Mercy fällt mir gleich ins Auge. Sie hat eine besonders freudige und lebendige Ausstrahlung. Mir ist klar: Mercy soll eine der heiß begehrten Puppen, die eine liebe Frau in Deutschland immer wieder für das Krankenhaus spendet, kriegen.

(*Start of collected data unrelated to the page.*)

lemma self_similar_distr_digit_expansion:
  assumes B: "digit_vector N B"
  defines "M \<equiv> stream_space (measure_pmf (pmf_of_set (digit_set B)))"
  shows "self_similar B (distr M borel (digit_expansion N))"
proof -
  let ?D = "digit_set B" and ?\<mu> = "distr M borel (digit_expansion N)"
  have N: "3 \<le> N" "length B = N" using B digit_vector_ge_3 by (auto simp: digit_vector_def)
  have card_D: "card ?D = sum_list B"
    using B card_digit_set unfolding digit_vector_def by blast
  then have "2 \<le> card ?D" using B by (simp add: digit_vector_def)
  then have "?D \<noteq> {}" by auto
  interpret M: prob_space M
    unfolding M_def by (rule prob_space.prob_space_stream_space[OF prob_space_measure_pmf])
  have \<mu>_eq: "emeasure ?\<mu> A = (\<integral>\<^sup>+\<omega>. indicator A (digit_expansion N \<omega>) \<partial>M)"
    if "A \<in> sets borel" for A
  proof -
    have "emeasure ?\<mu> A = (\<integral>\<^sup>+x. indicator A x \<partial>?\<mu>)"
      using that by simp
    also have "\<dots> = (\<integral>\<^sup>+\<omega>. indicator A (digit_expansion N \<omega>) \<partial>M)"
      using that unfolding M_def by (intro nn_integral_distr) simp_all
    finally show ?thesis .
  qed
  have "emeasure ?\<mu> A = (\<Sum>d\<in>?D. emeasure ?\<mu> (phi N d -` A)) / ennreal (real (sum_list B))"
    if A: "A \<in> sets borel" for A
  proof -
    have "emeasure ?\<mu> A = (\<integral>\<^sup>+\<omega>. indicator A (digit_expansion N \<omega>) \<partial>M)"
      by (rule \<mu>_eq[OF A])
    also have "\<dots> = (\<integral>\<^sup>+d. (\<integral>\<^sup>+\<omega>. indicator A (digit_expansion N (d ## \<omega>)) \<partial>M) \<partial>pmf_of_set ?D)"
      unfolding M_def by (rule prob_space.nn_integral_stream_space[OF prob_space_measure_pmf]) (use A in simp)
    also have "\<dots> = (\<Sum>d\<in>?D. \<integral>\<^sup>+\<omega>. indicator A (digit_expansion N (d ## \<omega>)) \<partial>M) / card ?D"
      using \<open>?D \<noteq> {}\<close> by (simp add: nn_integral_pmf_of_set)
    also have "\<dots> = (\<Sum>d\<in>?D. emeasure ?\<mu> (phi N d -` A)) / card ?D"
    proof (intro arg_cong2[where f="(/)"] sum.cong refl)
      fix d assume "d \<in> ?D"
      then have "d \<le> N" using digit_set_subset_lessThan N by fastforce
      moreover have "phi N d -` A \<in> sets borel"
        using measurable_sets_borel[OF measurable_phi A] .
      ultimately show "(\<integral>\<^sup>+\<omega>. indicator A (digit_expansion N (d ## \<omega>)) \<partial>M)
          = emeasure ?\<mu> (phi N d -` A)"
        using N by (simp add: \<mu>_eq digit_expansion_Stream indicator_def)
    qed
    finally show ?thesis
      by (simp add: card_D ennreal_of_nat_eq_real_of_nat)
  qed
  moreover have "emeasure ?\<mu> UNIV = 1"
  proof -
    have "prob_space ?\<mu>"
      by (rule M.prob_space_distr) (simp add: M_def)
    then have "emeasure ?\<mu> (space ?\<mu>) = 1"
      by (rule prob_space.emeasure_space_1)
    then show ?thesis by simp
  qed
  moreover have "sets ?\<mu> = sets borel" by simp
  ultimately show ?thesis
    unfolding self_similar_def N(2) by blast
qed

section \<open>The CDF of a self-similar measure\<close>

locale self_similar_measure =
  fixes N :: nat and B :: "nat list" and \<mu> :: "real measure"
  assumes digit_vector: "digit_vector N B" and self_similar: "self_similar B \<mu>"
begin

abbreviation D :: "nat set" where "D \<equiv> digit_set B"
abbreviation n :: nat where "n \<equiv> sum_list B"

lemma length_B: "length B = N"
  using digit_vector unfolding digit_vector_def by simp

lemma card_D: "card D = n"
  using digit_vector card_digit_set unfolding digit_vector_def by blast

lemma n_ge_2: "2 \<le> n"
  using digit_vector unfolding digit_vector_def by simp

lemma n_less_N: "n < N"
  using digit_vector digit_vector_ge_3 unfolding digit_vector_def by fastforce

lemma N_ge_3: "3 \<le> N"
  using digit_vector_ge_3 digit_vector .

lemma digit_less_N: "d \<in> D \<Longrightarrow> d < N"
  using digit_set_subset_lessThan length_B by blast

lemma sets_\<mu>: "sets \<mu> = sets borel"
  using self_similar unfolding self_similar_def by simp

lemma prob_space_\<mu>: "prob_space \<mu>"
  by (rule prob_spaceI)
     (use self_similar sets_eq_imp_space_eq[OF sets_\<mu>] in \<open>simp add: self_similar_def\<close>)

sublocale real_distribution \<mu>
  unfolding real_distribution_def real_distribution_axioms_def
  using prob_space_\<mu> sets_\<mu> by simp

lemma cdf_self_similar: "n * cdf \<mu> x = (\<Sum>d\<in>D. cdf \<mu> (real N * x - real d))"
proof -
  have vimage: "phi N d -` {..x} = {..real N * x - real d}" for d
    using N_ge_3 by (auto simp: phi_def divide_le_eq algebra_simps)
  have "emeasure \<mu> {..x} = (\<Sum>d\<in>D. emeasure \<mu> (phi N d -` {..x})) / ennreal (real n)"
    using self_similar atMost_borel[of x] unfolding self_similar_def length_B by blast
  then have "ennreal (cdf \<mu> x) = (\<Sum>d\<in>D. ennreal (cdf \<mu> (real N * x - real d))) / ennreal (real n)"
    by (simp add: vimage cdf_def emeasure_eq_measure)
  also have "\<dots> = ennreal ((\<Sum>d\<in>D. cdf \<mu> (real N * x - real d)) / real n)"
    using n_ge_2 by (simp add: cdf_nonneg sum_nonneg divide_ennreal)
  finally have "cdf \<mu> x = (\<Sum>d\<in>D. cdf \<mu> (real N * x - real d)) / real n"
    by (simp add: cdf_nonneg sum_nonneg ennreal_inj)
  moreover have "real n \<noteq> 0" using n_ge_2 by linarith
  ultimately show ?thesis by simp
qed

lemma cdf_le_cdf_scaled: "cdf \<mu> x \<le> cdf \<mu> (real N * x)"
proof -
  have "n * cdf \<mu> x \<le> (\<Sum>d\<in>D. cdf \<mu> (real N * x))"
    unfolding cdf_self_similar by (intro sum_mono cdf_nondecreasing) simp
  then show ?thesis
    using n_ge_2 by (simp add: card_D)
qed

lemma cdf_scaled_le_cdf: "cdf \<mu> (1 + real N * (x - 1)) \<le> cdf \<mu> x"
proof -
  have "(\<Sum>d\<in>D. cdf \<mu> (1 + real N * (x - 1))) \<le> n * cdf \<mu> x"
    unfolding cdf_self_similar
  proof (intro sum_mono cdf_nondecreasing)
    fix d assume "d \<in> D"
    then have "real d + 1 \<le> real N" using digit_less_N[of d] by linarith
    then show "1 + real N * (x - 1) \<le> real N * x - real d" by (simp add: algebra_simps)
  qed
  then show ?thesis
    using n_ge_2 by (simp add: card_D)
qed

lemma filterlim_power_N_at_top: "filterlim (\<lambda>k. real N ^ k) at_top sequentially"
  by (rule filterlim_at_infinity_imp_filterlim_at_top[OF filterlim_realpow_sequentially_gt1])
     (use N_ge_3 in auto)

lemma cdf_eq_0_neg:
  assumes "x < 0"
  shows "cdf \<mu> x = 0"
proof -
  have le: "cdf \<mu> x \<le> cdf \<mu> (x * real N ^ k)" for k
  proof (induction k)
    case (Suc k)
    also have "cdf \<mu> (x * real N ^ k) \<le> cdf \<mu> (x * real N ^ Suc k)"
      using cdf_le_cdf_scaled[of "x * real N ^ k"] by (simp add: algebra_simps)
    finally show ?case .
  qed simp
  have "filterlim (\<lambda>k. x * real N ^ k) at_bot sequentially"
    using assms by (intro filterlim_tendsto_neg_mult_at_bot[OF tendsto_const _ filterlim_power_N_at_top])
  then have "(\<lambda>k. cdf \<mu> (x * real N ^ k)) \<longlonglongrightarrow> 0"
    by (rule filterlim_compose[OF cdf_lim_at_bot])
  then have "cdf \<mu> x \<le> 0"
    using le by (intro LIMSEQ_le_const) auto
  then show ?thesis
    using cdf_nonneg by (simp add: antisym)
qed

Während ich die Puppe aus dem roten Reisesack ziehe, erzählen die Krankenschwestern Mercys Geschichte. Ich muss mich zuerst umdrehen, damit das Mädchen meine Tränen nicht sieht.

G


eschunden und geschlagen:

Mercy kurz nach der Aufnahme

Mercys Tante in der Hauptstadt hatte der Familie ein verlockendes Angebot gemacht: „Bringt die Kleine zu mir. Ich werde sie auf eine gute Schule schicken und das Schulgeld bezahlen.“ Als Mercy in Kampala ankommt, beginnt für sie die Hölle. Von Schule ist keine Rede mehr. Mercy wird brutal geschlagen, gebissen, im Zimmer eingesperrt… ihr Gesicht, der gesamte Oberkörper, die Arme weisen Blutergüsse und Narben von Misshandlungen auf. Am Aufnahmetag sah sie so erbärmlich und völlig kraftlos geprügelt aus.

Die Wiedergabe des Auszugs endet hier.